内核网络参数

nf_conntrack

nf_conntrack是Linux内核连接跟踪的模块,常用在iptables中,比如

-A INPUT -m state --state RELATED,ESTABLISHED  -j RETURN
-A INPUT -m state --state INVALID -j DROP

可以通过cat /proc/net/nf_conntrack来查看当前跟踪的连接信息,这些信息以哈希形式(用链地址法处理冲突)存在内存中,并且每条记录大约占300B空间。

nf_conntrack相关的内核参数有三个:

  • nf_conntrack_max:连接跟踪表的大小,建议根据内存计算该值CONNTRACK_MAX = RAMSIZE (in bytes) / 16384 / (x / 32),并满足nf_conntrack_max=4*nf_conntrack_buckets,默认262144

  • nf_conntrack_buckets:哈希表的大小,(nf_conntrack_max/nf_conntrack_buckets就是每条哈希记录链表的长度),默认65536

  • nf_conntrack_tcp_timeout_established:tcp会话的超时时间,默认是432000 (5天)

比如,对64G内存的机器,推荐配置:

net.netfilter.nf_conntrack_max=4194304
net.netfilter.nf_conntrack_tcp_timeout_established=300
net.netfilter.nf_conntrack_buckets=1048576

bridge-nf

bridge-nf使得netfilter可以对Linux网桥上的IPv4/ARP/IPv6包过滤。比如,设置net.bridge.bridge-nf-call-iptables=1后,二层的网桥在转发包时也会被iptables的FORWARD规则所过滤,这样有时会出现L3层的iptables rules去过滤L2的帧的问题(见这里)。

常用的选项包括

  • net.bridge.bridge-nf-call-arptables:是否在arptables的FORWARD中过滤网桥的ARP包

  • net.bridge.bridge-nf-call-ip6tables:是否在ip6tables链中过滤IPv6包

  • net.bridge.bridge-nf-call-iptables:是否在iptables链中过滤IPv4包

  • net.bridge.bridge-nf-filter-vlan-tagged:是否在iptables/arptables中过滤打了vlan标签的包

当然,也可以通过/sys/devices/virtual/net/<bridge-name>/bridge/nf_call_iptables来设置,但要注意内核是取两者中大的生效。

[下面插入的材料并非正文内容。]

text \<open>Step A. If pi_k vanishes at a point of S, it vanishes at its image: otherwise commuting
  with the k-th sign change forces the image to be a multiple of P_k, which is not on S.\<close>

lemma zero_coordinate_preserved:
  assumes P: "P \<in> Scone \<theta>" and k: "k < 6" and Pk: "picoord \<theta> P k = 0"
  shows "picoord \<theta> (L P) k = 0"
proof (rule ccontr)
  assume nz: "picoord \<theta> (L P) k \<noteq> 0"
  have "epsInv \<theta> {k} \<in> Inv_S \<theta>" using k by (auto simp: Inv_S_def)
  then obtain c where "L (epsInv \<theta> {k} P) = smult c (epsInv \<theta> {k} (L P))"
    using commutes P unfolding same_on_S_def comp_def by blast
  moreover have "epsInv \<theta> {k} P = P"
    by (rule epsInv_fixes[OF Scone_V5[OF P]]) (use Pk in simp)
  ultimately have eq: "L P = smult c (epsInv \<theta> {k} (L P))" by simp
  have coords: "picoord \<theta> (L P) j = c * ((if j = k then -1 else 1) * picoord \<theta> (L P) j)"
    if "j < 6" for j
    by (subst eq) (simp add: picoord_smult picoord_epsInv that)
  have "(c + 1) * picoord \<theta> (L P) k = 0"
    using coords[OF k] by (simp add: distrib_right) (metis add.commute eq_neg_iff_add_eq_0)
  hence "c = -1" using nz by (simp add: eq_neg_iff_add_eq_0)
  hence others: "picoord \<theta> (L P) j = 0" if "j < 6" "j \<noteq> k" for j
    using char coords[OF that(1)] that(2) by simp
  have "L P = smult (picoord \<theta> (L P) k) (Pj \<theta> k)"
  proof (rule picoord_ext[OF Scone_V5[OF L_Scone[OF P]] V5_smult[OF Pj_V5[OF k]]])
    fix i :: nat assume "i < 6"
    thus "picoord \<theta> (L P) i = picoord \<theta> (smult (picoord \<theta> (L P) k) (Pj \<theta> k)) i"
      using others[of i] by (simp add: picoord_smult picoord_Pj k)
  qed
  thus False using L_Scone[OF P] basis_not_in_Scone[OF k] by metis
qed

text \<open>Step B. Split the line X - theta_k, which lies on S
  and has vanishing pi_k, as its j-th sign change plus a multiple of P_j; both summands' images
  have vanishing pi_k, so L P_j does too.\<close>

lemma image_basis_off_diagonal:
  assumes j: "j < 6" and k: "k < 6" and jk: "j \<noteq> k"
  shows "picoord \<theta> (L (Pj \<theta> j)) k = 0"
proof -
  define Q where "Q = [:- \<theta> k, 1:]"
  define Q' where "Q' = epsInv \<theta> {j} Q"
  define a where "a = 2 * picoord \<theta> Q j"
  have QS: "Q \<in> Scone \<theta>" unfolding Q_def by (rule linear_in_Scone) auto
  have Q'S: "Q' \<in> Scone \<theta>" unfolding Q'_def by (rule epsInv_Scone[OF QS])
  have Qk: "picoord \<theta> Q k = 0" by (simp add: Q_def picoord_def)
  have Q'k: "picoord \<theta> Q' k = 0" using jk k Qk by (simp add: Q'_def picoord_epsInv)
  have "a \<noteq> 0" using j k jk inj omega_nonzero[OF j] char
    by (auto simp: a_def Q_def picoord_def inj_on_def)
  have split: "Q = Q' + smult a (Pj \<theta> j)"
    by (rule picoord_ext[OF Scone_V5[OF QS] V5_add[OF Scone_V5[OF Q'S] V5_smult[OF Pj_V5[OF j]]]])
      (auto simp: picoord_add picoord_smult picoord_Pj j Q'_def picoord_epsInv a_def)
  have "L Q = L Q' + smult a (L (Pj \<theta> j))"
    by (subst split) (simp add: L_add[OF Scone_V5[OF Q'S] V5_smult[OF Pj_V5[OF j]]] L_smult[OF Pj_V5[OF j]])
  hence "a * picoord \<theta> (L (Pj \<theta> j)) k = 0"
    using zero_coordinate_preserved[OF QS k Qk] zero_coordinate_preserved[OF Q'S k Q'k]
    by (simp add: picoord_add picoord_smult)
  thus ?thesis using \<open>a \<noteq> 0\<close> by simp
qed

definition diag :: "nat \<Rightarrow> 'k" where
  "diag j = picoord \<theta> (L (Pj \<theta> j)) j"

lemma image_basis: assumes j: "j < 6" shows "L (Pj \<theta> j) = smult (diag j) (Pj \<theta> j)"
  by (rule picoord_ext[OF L_V5[OF Pj_V5[OF j]] V5_smult[OF Pj_V5[OF j]]])
    (use image_basis_off_diagonal[OF j] in \<open>auto simp: picoord_smult picoord_Pj j diag_def\<close>)

lemma picoord_L: assumes P: "P \<in> V5" and j: "j < 6"
  shows "picoord \<theta> (L P) j = diag j * picoord \<theta> P j"
proof -
  have "L (\<Sum>i\<in>A. smult (a i) (Pj \<theta> i)) = (\<Sum>i\<in>A. smult (diag i * a i) (Pj \<theta> i))"
    if "A \<subseteq> {..<6}" for A a
    using that
  proof (induction A rule: infinite_finite_induct)
    case (insert x A)
    have "(\<Sum>i\<in>A. smult (a i) (Pj \<theta> i)) \<in> V5" using insert by (intro V5_sum V5_smult Pj_V5) auto
    with insert show ?case
      by (simp add: L_add V5_smult Pj_V5 L_smult image_basis mult.commute)
  qed (use L_smult[OF V5_zero, of 0] in simp_all)
  hence "L P = (\<Sum>i<6. smult (diag i * picoord \<theta> P i) (Pj \<theta> i))"
    using lagrange_expansion[OF P] by (metis order_refl)
  thus ?thesis by (simp add: picoord_combination[OF j])
qed

text \<open>Step C. Since L maps each line X - t onto S, the i-th equation of S gives
  sum_j diag_j^2 theta_j^i (theta_j - t)^2 / omega_j = 0 for all t and i < 3; comparing
  t = 0, 1, -1 shows that the weights diag_j^2 have vanishing moments of order at most 4.\<close>

lemma shifted_moment:
  assumes i: "i < 3"
  shows "(\<Sum>j<6. diag j ^ 2 * (\<theta> j ^ (i+2) - 2 * t * \<theta> j ^ (i+1) + t^2 * \<theta> j ^ i) / omega \<theta> j) = 0"
proof -
  define Q where "Q = [:- t, 1:]"
  have QS: "Q \<in> Scone \<theta>" unfolding Q_def by (rule linear_in_Scone) auto
  have "(\<Sum>j<6. \<theta> j ^ i * omega \<theta> j * (picoord \<theta> (L Q) j)^2) = 0"
    using L_Scone[OF QS] i unfolding Scone_def by blast
  moreover have "\<theta> j ^ i * omega \<theta> j * (picoord \<theta> (L Q) j)^2
      = diag j ^ 2 * (\<theta> j ^ (i+2) - 2 * t * \<theta> j ^ (i+1) + t^2 * \<theta> j ^ i) / omega \<theta> j"
    if "j < 6" for j
  proof -
    have image_coord: "picoord \<theta> (L Q) j = diag j * (\<theta> j - t) / omega \<theta> j"
      unfolding picoord_L[OF Scone_V5[OF QS] that] by (simp add: Q_def picoord_def)
    show ?thesis
      unfolding image_coord using omega_nonzero[OF that] by (simp add: power2_eq_square field_simps)
  qed
  ultimately show ?thesis by simp
qed

lemma diag_square_moments: assumes n: "n \<le> 4"
  shows "(\<Sum>j<6. diag j ^ 2 * \<theta> j ^ n / omega \<theta> j) = 0"
proof -
  define M where "M n = (\<Sum>j<6. diag j ^ 2 * \<theta> j ^ n / omega \<theta> j)" for n
  have shift: "M (i+2) - 2 * t * M (i+1) + t^2 * M i = 0" if "i < 3" for i t
    using shifted_moment[OF that, of t]
    by (simp add: M_def algebra_simps sum.distrib sum_subtractf sum_distrib_left add_divide_distrib
        diff_divide_distrib flip: sum_divide_distrib)
  have high: "M (i+2) = 0" if "i < 3" for i using shift[OF that, of 0] by simp
  have plus: "M 2 - 2 * M 1 + M 0 = 0" and minus: "M 2 + 2 * M 1 + M 0 = 0"
    using shift[of 0 1] shift[of 0 "-1"] by (simp_all add: numeral_2_eq_2)
  have "2 * (2 * M 1) = (M 2 + 2 * M 1 + M 0) - (M 2 - 2 * M 1 + M 0)"
    by (simp add: algebra_simps)
  also have "\<dots> = 0" using plus minus by simp
  finally have "M 1 = 0" using char by (metis mult_eq_0_iff)
  moreover have "M 0 = 0"
    using plus \<open>M 1 = 0\<close> high[of 0] by (simp add: numeral_2_eq_2)
  moreover have "n = 0 \<or> n = 1 \<or> n = 0 + 2 \<or> n = 1 + 2 \<or> n = 2 + 2" using n by auto
  ultimately have "M n = 0" using high[of 0] high[of 1] high[of 2] by auto
  thus ?thesis by (simp add: M_def)
qed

有时,可能只希望部分网桥禁止bridge-nf,而其他网桥都开启(比如CNI网络插件中一般要求bridge-nf-call-iptables选项开启,而有时又希望禁止某个网桥的bridge-nf),这时可以改用iptables的方法:

iptables -t raw -I PREROUTING -i <bridge-name> -j NOTRACK

反向路径过滤

反向路径过滤可用于防止数据包从一接口传入,又从另一不同的接口传出(这有时被称为 “非对称路由” )。除非必要,否则最好将其关闭,因为它可防止来自子网络的用户采用 IP 地址欺骗手段,并减少 DDoS (分布式拒绝服务)攻击的机会。

通过 rp_filter 选项启用反向路径过滤,比如 sysctl -w net.ipv4.conf.default.rp_filter=INTEGER。支持三种选项:

  • 0 ——未进行源验证。

  • 1 ——处于如 RFC3704 所定义的严格模式。

  • 2 ——处于如 RFC3704 所定义的松散模式。

可以通过 net.ipv4.interface.rp_filter可实现对每一网络接口设置的覆盖。

TCP相关

ARP相关

ARP回收

  • gc_stale_time 每次检查neighbour记录的有效性的周期。当neighbour记录失效时,将在给它发送数据前再解析一次。缺省值是60秒。

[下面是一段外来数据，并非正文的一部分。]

lemma rep_matrix_mult_kron:
  "rep_matrix Sf ** kron X Y = rep_matrix (\<lambda>j. \<Sum>l\<in>UNIV. X $ l $ j *\<^sub>R (Sf l ** Y))"
proof (intro vec_eq_iff[THEN iffD2] allI)
  fix i jc
  have "(rep_matrix Sf ** kron X Y) $ i $ jc =
      (\<Sum>l\<in>UNIV. \<Sum>b\<in>UNIV. Sf l $ i $ b * (X $ l $ fst jc * Y $ b $ snd jc))"
    unfolding rep_matrix_def kron_def matrix_matrix_mult_def
    by (simp add: sum.cartesian_product case_prod_beta flip: UNIV_Times_UNIV)
  also have "\<dots> = rep_matrix (\<lambda>j. \<Sum>l\<in>UNIV. X $ l $ j *\<^sub>R (Sf l ** Y)) $ i $ jc"
    unfolding rep_matrix_def matrix_matrix_mult_def
    by (simp add: sum_distrib_left mult_ac)
  finally show "(rep_matrix Sf ** kron X Y) $ i $ jc =
      rep_matrix (\<lambda>j. \<Sum>l\<in>UNIV. X $ l $ j *\<^sub>R (Sf l ** Y)) $ i $ jc" .
qed

lemma rep_matrix_inject: "rep_matrix F = rep_matrix G \<longleftrightarrow> F = G"
proof
  assume eq: "rep_matrix F = rep_matrix G"
  show "F = G"
  proof
    fix j
    have "F j $ i $ c = G j $ i $ c" for i c
      using arg_cong[where f="\<lambda>M. M $ i $ (j, c)", OF eq] by (simp add: rep_matrix_def)
    then show "F j = G j"
      by (simp add: vec_eq_iff)
  qed
qed simp

lemma sum_mat_1_scaleR: "(\<Sum>l\<in>UNIV. (mat 1 :: real^'k^'k) $ l $ j *\<^sub>R F l) = (F j :: 'a::real_vector)"
  unfolding mat_def by (simp add: if_distrib[of "\<lambda>a. a *\<^sub>R _"] cong: if_cong)

lemma Upsilon_mult_in_span:
  fixes Sf :: "'k::finite \<Rightarrow> real^'n^'m"
  assumes "R \<in> Upsilon (rep_matrix Sf)"
  shows "Sf j ** R \<in> span (range Sf)"
proof -
  obtain \<Lambda> :: "real^'k^'k" where
    "rep_matrix Sf ** kron (mat 1 :: real^'k^'k) R = rep_matrix Sf ** kron \<Lambda> (mat 1 :: real^'n^'n)"
    using assms unfolding Upsilon_def by blast
  then have "(\<Sum>l\<in>UNIV. (mat 1 :: real^'k^'k) $ l $ j *\<^sub>R (Sf l ** R)) = (\<Sum>l\<in>UNIV. \<Lambda> $ l $ j *\<^sub>R Sf l)"
    by (simp add: rep_matrix_mult_kron rep_matrix_inject fun_eq_iff)
  then have "Sf j ** R = (\<Sum>l\<in>UNIV. \<Lambda> $ l $ j *\<^sub>R Sf l)"
    by (simp add: sum_mat_1_scaleR)
  also have "\<dots> \<in> span (range Sf)"
    by (intro span_sum span_mul span_base) auto
  finally show ?thesis .
qed
lemma matrix_inv_mult_in_span_if_Upsilon:
  fixes Sf :: "'k::finite \<Rightarrow> real^'n^'m"
  assumes "R \<in> Upsilon (rep_matrix Sf)" "invertible R" "L \<in> span (range Sf)"
  shows "L ** matrix_inv R \<in> span (range Sf)"
proof -
  let ?f = "\<lambda>X::real^'n^'m. X ** R"
  have cancel: "X ** R ** matrix_inv R = X" for X :: "real^'n^'m"
    by (simp add: matrix_inv_right[OF assms(2)] flip: matrix_mul_assoc)
  have "?f ` span (range Sf) = span (?f ` range Sf)"
    by (rule linear_span_image[OF linear_matrix_mult_right, symmetric])
  also have "\<dots> \<subseteq> span (range Sf)"
    using Upsilon_mult_in_span[OF assms(1)] by (intro span_minimal) auto
  finally have "?f ` span (range Sf) = span (range Sf)"
    using linear_matrix_mult_right subspace_span
    by (rule linear_inj_on_self_map_surj[rotated 3]) (metis inj_onI cancel)
  then obtain X where "X \<in> span (range Sf)" "L = X ** R"
    using assms(3) by blast
  then show ?thesis
    by (simp add: cancel)
qed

  • gc_thresh1 存在于ARP高速缓存中的最少记录数,如果少于这个数,垃圾收集器将不会运行。缺省值是128。

  • gc_thresh2 存在 ARP 高速缓存中的最多的记录软限制。垃圾收集器在开始收集前,允许记录数超过这个数字 5 秒。缺省值是 512。

  • gc_thresh3 保存在 ARP 高速缓存中的最多记录的硬限制,一旦高速缓存中的数目高于此,垃圾收集器将马上运行。缺省值是1024。

比如可以增大为

net.ipv4.neigh.default.gc_thresh1=1024
net.ipv4.neigh.default.gc_thresh2=4096
net.ipv4.neigh.default.gc_thresh3=8192

ARP过滤

arp_filter - BOOLEAN

1 - Allows you to have multiple network interfaces on the same
subnet, and have the ARPs for each interface be answered
based on whether or not the kernel would route a packet from
the ARP'd IP out that interface (therefore you must use source
based routing for this to work). In other words it allows control
of which cards (usually 1) will respond to an arp request.

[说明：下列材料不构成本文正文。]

lemma dist_image_x0_le:
  "dist (f x0) (f ray_out) \<le> (1 + \<epsilon>) * image_gap" "dist (f x0) (f ray_in) \<le> (1 + \<epsilon>) * image_gap"
  "image_gap \<le> 5/2 * dist (f x0) (f ray_out)"
proof -
  show "dist (f x0) (f ray_out) \<le> (1 + \<epsilon>) * image_gap"
    using weakly_qs_onD[OF qs ray_points_in_ball(2,1,3)] ray_dists s by (simp add: image_gap_def dist_commute)
  show "dist (f x0) (f ray_in) \<le> (1 + \<epsilon>) * image_gap"
    using weakly_qs_onD[OF qs ray_points_in_ball(3,1,2)] ray_dists s by (simp add: image_gap_def dist_commute)
  have "dist (f x0) (f ray_in) \<le> (1 + \<epsilon>) * dist (f x0) (f ray_out)"
    using weakly_qs_onD[OF qs ray_points_in_ball(1,3,2)] ray_dists by simp
  then have "image_gap \<le> (2 + \<epsilon>) * dist (f x0) (f ray_out)"
    using dist_triangle[of "f ray_out" "f ray_in" "f x0"]
    by (simp add: image_gap_def dist_commute algebra_simps)
  also have "\<dots> \<le> 5/2 * dist (f x0) (f ray_out)" using \<epsilon> by (intro mult_right_mono) simp_all
  finally show "image_gap \<le> 5/2 * dist (f x0) (f ray_out)" .
qed

lemma preimage_near_x0:
  assumes "dist (f w) (f x0) \<le> 2 * image_gap"
  shows "dist w x0 < 8 * s"
  using assms dist_image_x0_le(3) \<epsilon> s ray_dists
  by (intro weakly_qs_preimage_localized[OF hom qs, of s ray_out]) simp_all

lemma dist_image_ray_in'_le: "dist (f ray_in) (f ray_in') \<le> \<epsilon> / 8 * image_gap"
proof -
  let ?\<gamma> = "(1/(1 + \<epsilon>) + 1/(1 + \<epsilon>)^2)^k"
  have "cball ray_in (2^k * dist ray_in ray_in') \<subseteq> ball x0 r"
  proof
    fix y assume "y \<in> cball ray_in (2^k * dist ray_in ray_in')"
    then have "dist ray_in y \<le> 2^k * (8 * s)^2" by (simp only: mem_cball ray_dists(7))
    then have "dist ray_in y \<le> 2 * s" using doubled_perturbation_le by linarith
    then show "y \<in> ball x0 r" using dist_triangle[of x0 y ray_in] ray_dists s by simp
  qed
  from weakly_qs_small_scale[OF hom qs _ this ray_points_in_ball(2)]
  have "?\<gamma> * dist (f ray_in) (f ray_in') \<le> (1 + \<epsilon>) * image_gap"
    using doubled_perturbation_le ray_dists \<epsilon> by (simp add: image_gap_def dist_commute)
  also have "\<dots> \<le> ?\<gamma> * (\<epsilon> / 8 * image_gap)"
    using mult_right_mono[OF k less_imp_le[OF image_gap_pos]] by (simp add: ac_simps)
  finally show ?thesis
    by (rule mult_left_le_imp_le) (use \<epsilon> in \<open>intro zero_less_power add_pos_pos, simp_all\<close>)
qed

definition normal where "normal = sgn (f ray_out - f ray_in)"
definition image_midpoint where "image_midpoint = midpoint (f ray_out) (f ray_in)"

lemma normal_unit: "norm normal = 1"
  using image_gap_pos by (simp add: normal_def norm_sgn image_gap_def)

lemma image_inside_halfspace:
  assumes "dist (f w) (f x0) \<le> 2 * image_gap" "norm w \<le> 1"
  shows "(f w - image_midpoint) \<bullet> normal \<le> 10 * \<epsilon> * image_gap"
proof -
  have "w \<in> ball x0 r" using preimage_near_x0[OF assms(1)] s by (simp add: dist_commute)
  moreover have "dist w ray_in \<le> dist w ray_out"
    using dist_inner_ray_point_le[OF x0 assms(2)] s by (simp add: ray_out_def ray_in_def)
  ultimately have "dist (f w) (f ray_in) \<le> (1 + \<epsilon>) * dist (f w) (f ray_out)"
    using ray_points_in_ball by (intro weakly_qs_onD[OF qs])
  then show ?thesis
    using assms \<epsilon> dist_image_x0_le(1) unfolding normal_def image_midpoint_def image_gap_def
    by (intro almost_closer_imp_inner_sgn_le[where p="f x0" and \<eta>=0]) (simp_all add: dist_commute)
qed

lemma image_outside_halfspace:
  assumes "dist (f w) (f x0) \<le> 2 * image_gap" "1 \<le> norm w"
  shows "- ((f w - image_midpoint) \<bullet> normal) \<le> 10 * \<epsilon> * image_gap"
proof -
  define \<eta> where "\<eta> = (1 + \<epsilon>) * (\<epsilon> / 8 * image_gap)"
  have "w \<in> ball x0 r" using preimage_near_x0[OF assms(1)] s by (simp add: dist_commute)
  moreover have "dist w ray_out \<le> dist w ray_in'"
    using dist_outer_ray_point_le[OF x0 assms(2)] preimage_near_x0[OF assms(1)] s
    by (simp add: ray_out_def ray_in'_def)
  ultimately have "dist (f w) (f ray_out) \<le> (1 + \<epsilon>) * dist (f w) (f ray_in')"
    using ray_points_in_ball by (intro weakly_qs_onD[OF qs])
  also have "\<dots> \<le> (1 + \<epsilon>) * (dist (f w) (f ray_in) + \<epsilon> / 8 * image_gap)"
    using dist_triangle[of "f w" "f ray_in'" "f ray_in"] dist_image_ray_in'_le \<epsilon>
    by (intro mult_left_mono) simp_all
  finally have "dist (f w) (f ray_out) \<le> (1 + \<epsilon>) * dist (f w) (f ray_in) + \<eta>"
    by (simp only: \<eta>_def distrib_left)
  moreover have "0 \<le> \<eta>" "\<eta> \<le> \<epsilon> * image_gap / 7"
    using \<epsilon> image_gap_pos by (simp_all add: \<eta>_def field_simps)
  ultimately have "(f w - midpoint (f ray_in) (f ray_out)) \<bullet> sgn (f ray_in - f ray_out)
      \<le> 10 * \<epsilon> * image_gap"
    using assms \<epsilon> dist_image_x0_le(2) unfolding image_gap_def dist_commute[of "f ray_out"]
    by (intro almost_closer_imp_inner_sgn_le[where p="f x0"]) (simp_all add: dist_commute)
  moreover have "sgn (f ray_in - f ray_out) = - normal"
    by (metis normal_def minus_diff_eq sgn_minus)
  ultimately show ?thesis by (simp add: image_midpoint_def midpoint_sym)
qed

lemma image_sphere_flat:
  "hausdorff_dist (f ` sphere 0 1 \<inter> cball (f x0) image_gap)
     ({q. normal \<bullet> (q - f x0) = 0} \<inter> cball (f x0) image_gap) \<le> 40 * \<epsilon> * image_gap"
proof -
  have shift: "normal \<bullet> (f w - f x0) = (f w - image_midpoint) \<bullet> normal - (f x0 - image_midpoint) \<bullet> normal" for w
    by (simp add: inner_commute inner_diff_right)
  have image_x0_level: "\<bar>(f x0 - image_midpoint) \<bullet> normal\<bar> \<le> 10 * \<epsilon> * image_gap"
    using image_inside_halfspace[of x0] image_outside_halfspace[of x0] x0 image_gap_pos
    by (simp add: abs_le_iff)
  have "hausdorff_dist (f ` sphere 0 1 \<inter> cball (f x0) image_gap)
      ({q. normal \<bullet> (q - f x0) = 0} \<inter> cball (f x0) image_gap) \<le> ((21 * \<epsilon>)^2 + 21 * \<epsilon>) * image_gap"
  proof (rule hausdorff_dist_image_sphere_hyperplane_le[OF hom x0 normal_unit image_gap_pos,
        where c="20 * \<epsilon> * image_gap"])
    show "0 \<le> 21 * \<epsilon>" "21 * \<epsilon> \<le> 1" "20 * \<epsilon> * image_gap < 21 * \<epsilon> * image_gap"
      using \<epsilon> image_gap_pos by simp_all
    show "normal \<bullet> (f w - f x0) \<le> 20 * \<epsilon> * image_gap"
      if "dist (f w) (f x0) \<le> 2 * image_gap" "norm w \<le> 1" for w
      using image_inside_halfspace[OF that] image_x0_level shift[of w] by linarith
    show "- (20 * \<epsilon> * image_gap) \<le> normal \<bullet> (f w - f x0)"
      if "dist (f w) (f x0) \<le> 2 * image_gap" "1 \<le> norm w" for w
      using image_outside_halfspace[OF that] image_x0_level shift[of w] by linarith
  qed
  also have "\<dots> \<le> 40 * \<epsilon> * image_gap"
    using \<epsilon> image_gap_pos by (simp add: power2_eq_square field_simps)
  finally show ?thesis .
qed

end

lemma sphere_pair_image_dist_bounded_below:
  fixes f :: "'a::euclidean_space \<Rightarrow> 'b::metric_space"
  assumes "continuous_on UNIV f" "inj f" "0 < s"
  obtains R where "0 < R" "\<And>x0. x0 \<in> sphere 0 1 \<Longrightarrow> R \<le> dist (f ((1 + s) *\<^sub>R x0)) (f ((1 - s) *\<^sub>R x0))"
proof -
  define \<phi> where "\<phi> x0 = dist (f ((1 + s) *\<^sub>R x0)) (f ((1 - s) *\<^sub>R x0))" for x0 :: 'a
  have "continuous_on S (\<lambda>x. f (c *\<^sub>R x))" for S c
    by (rule continuous_on_compose2[OF assms(1)]) (auto intro: continuous_intros)
  then have "continuous_on (sphere 0 1) \<phi>"
    unfolding \<phi>_def by (intro continuous_on_dist)
  moreover have "sphere (0::'a) 1 \<noteq> {}" by simp
  ultimately obtain x where x: "x \<in> sphere 0 1" "\<And>y. y \<in> sphere 0 1 \<Longrightarrow> \<phi> x \<le> \<phi> y"
    using continuous_attains_inf[OF compact_sphere] by blast
  have "(1 + s) *\<^sub>R x \<noteq> (1 - s) *\<^sub>R x"
    using x(1) \<open>0 < s\<close> by (auto simp: scaleR_cancel_right)
  then have "0 < \<phi> x" using \<open>inj f\<close> by (simp add: \<phi>_def inj_eq)
  with x show thesis by (intro that[of "\<phi> x"]) (auto simp: \<phi>_def)
qed

lemma weakly_qs_sphere_image_theta_le:
  fixes f :: "real ^ 'n \<Rightarrow> real ^ 'n"
  assumes hom: "homeomorphism UNIV UNIV f g"
    and qs: "\<And>z. z \<in> sphere 0 1 \<Longrightarrow> weakly_qs_on f (ball z r) (1 + \<epsilon>)" and \<epsilon>: "0 < \<epsilon>" "\<epsilon> \<le> 1/40"
    and s0: "0 < s0" "16 * s0 \<le> r" "2^k * 32 * s0 \<le> 1"
    and k: "1 + \<epsilon> \<le> \<epsilon> / 8 * (1/(1 + \<epsilon>) + 1/(1 + \<epsilon>)^2)^k"
    and x0: "x0 \<in> sphere 0 1" and t: "0 < t" "t \<le> dist (f ((1 + s0) *\<^sub>R x0)) (f ((1 - s0) *\<^sub>R x0))"
  shows "theta (f ` sphere 0 1) (f x0) t \<le> 40 * \<epsilon>"
proof -
  define \<psi> where "\<psi> s = dist (f ((1 + s) *\<^sub>R x0)) (f ((1 - s) *\<^sub>R x0))" for s
  have "continuous_on UNIV f" using hom by (simp add: homeomorphism_def)
  then have "continuous_on {0..s0} \<psi>"
    unfolding \<psi>_def by (intro continuous_on_dist; rule continuous_on_compose2[of UNIV f])
      (auto intro!: continuous_intros)
  moreover have "\<psi> 0 \<le> t" "t \<le> \<psi> s0" using t by (simp_all add: \<psi>_def)
  ultimately obtain s where "0 \<le> s" "s \<le> s0" and gap: "\<psi> s = t"
    using IVT'[of \<psi> 0 t s0] s0(1) by auto
  have "s \<noteq> 0" using gap t(1) by (auto simp: \<psi>_def)
  have "2^k * 32 * s \<le> 2^k * 32 * s0" using \<open>s \<le> s0\<close> by simp
  then have "2^k * 32 * s \<le> 1" using s0(3) by linarith
  then interpret weakly_qs_sphere_scale f g x0 r \<epsilon> s k
    using hom x0 qs[OF x0] \<epsilon> \<open>0 \<le> s\<close> \<open>s \<le> s0\<close> s0 k \<open>s \<noteq> 0\<close> by unfold_locales auto
  have "t = image_gap" using gap by (simp add: \<psi>_def image_gap_def ray_out_def ray_in_def)
  with image_sphere_flat have "hausdorff_dist (f ` sphere 0 1 \<inter> cball (f x0) t)
      ({q. normal \<bullet> (q - f x0) = 0} \<inter> cball (f x0) t) \<le> 40 * \<epsilon> * t"
    by simp
  then show ?thesis
    using x0 t(1) normal_unit by (intro theta_le_if_near_hyperplane[where N=normal]) auto
qed

theorem corollary2p6:
  fixes f :: "real ^ 'n \<Rightarrow> real ^ 'n" and \<delta> r :: real
  assumes "CARD('n) \<ge> 2"
    and "0 < \<delta>" and "\<delta> < 1"
    and "quasiconformal f"
    and "0 < r"
    and "(SUP z \<in> sphere 0 1. H_tilde f (ball z r)) \<le> ereal (\<delta> / 40)"
  shows "\<exists>R > 0. reifenberg_flat \<delta> R (f ` sphere 0 1)"
proof -
  obtain g where hom: "homeomorphism UNIV UNIV f g" using assms(4) by (auto simp: quasiconformal_def)
  then have "inj f" "continuous_on UNIV f"
    unfolding homeomorphism_def by (metis UNIV_I inj_on_inverseI, blast)
  define \<epsilon> where "\<epsilon> = \<delta> / 40"
  have \<epsilon>: "0 < \<epsilon>" "\<epsilon> \<le> 1/40" using assms(2,3) by (simp_all add: \<epsilon>_def)
  have qs: "weakly_qs_on f (ball z r) (1 + \<epsilon>)" if "z \<in> sphere 0 1" for z
    using SUP_upper[OF that, of "\<lambda>z. H_tilde f (ball z r)"] assms(6)
    by (intro H_tilde_le_imp_weakly_qs_on[OF \<open>inj f\<close>]) (simp add: \<epsilon>_def)
  obtain k where k: "1 + \<epsilon> \<le> \<epsilon> / 8 * (1/(1 + \<epsilon>) + 1/(1 + \<epsilon>)^2)^k"
    using doubling_factor_power_large[OF \<epsilon>] by blast
  define s0 where "s0 = min (r / 16) (1 / (2^k * 32))"
  have s0: "0 < s0" "16 * s0 \<le> r" "2^k * 32 * s0 \<le> 1"
    using assms(5) by (auto simp: s0_def min_def field_simps)
  obtain R where "0 < R" and R: "\<And>x0. x0 \<in> sphere 0 1 \<Longrightarrow> R \<le> dist (f ((1 + s0) *\<^sub>R x0)) (f ((1 - s0) *\<^sub>R x0))"
    using sphere_pair_image_dist_bounded_below[OF \<open>continuous_on UNIV f\<close> \<open>inj f\<close> s0(1)] by blast
  have "closed (f ` sphere 0 1)"
    by (intro compact_imp_closed compact_continuous_image continuous_on_subset[OF \<open>continuous_on UNIV f\<close>]) auto
  moreover have "theta (f ` sphere 0 1) (f x0) t \<le> \<delta>" if "x0 \<in> sphere 0 1" "0 < t" "t \<le> R" for x0 t
    using weakly_qs_sphere_image_theta_le[OF hom qs \<epsilon> s0 k that(1,2)] R[OF that(1)] that(3)
    by (simp add: \<epsilon>_def)
  ultimately show ?thesis using \<open>0 < R\<close> unfolding reifenberg_flat_def by blast
qed

end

0 - (default) The kernel can respond to arp requests with addresses
from other interfaces. This may seem wrong but it usually makes
sense, because it increases the chance of successful communication.
IP addresses are owned by the complete host on Linux, not by
particular interfaces. Only for more complex setups like load-
balancing, does this behaviour cause problems.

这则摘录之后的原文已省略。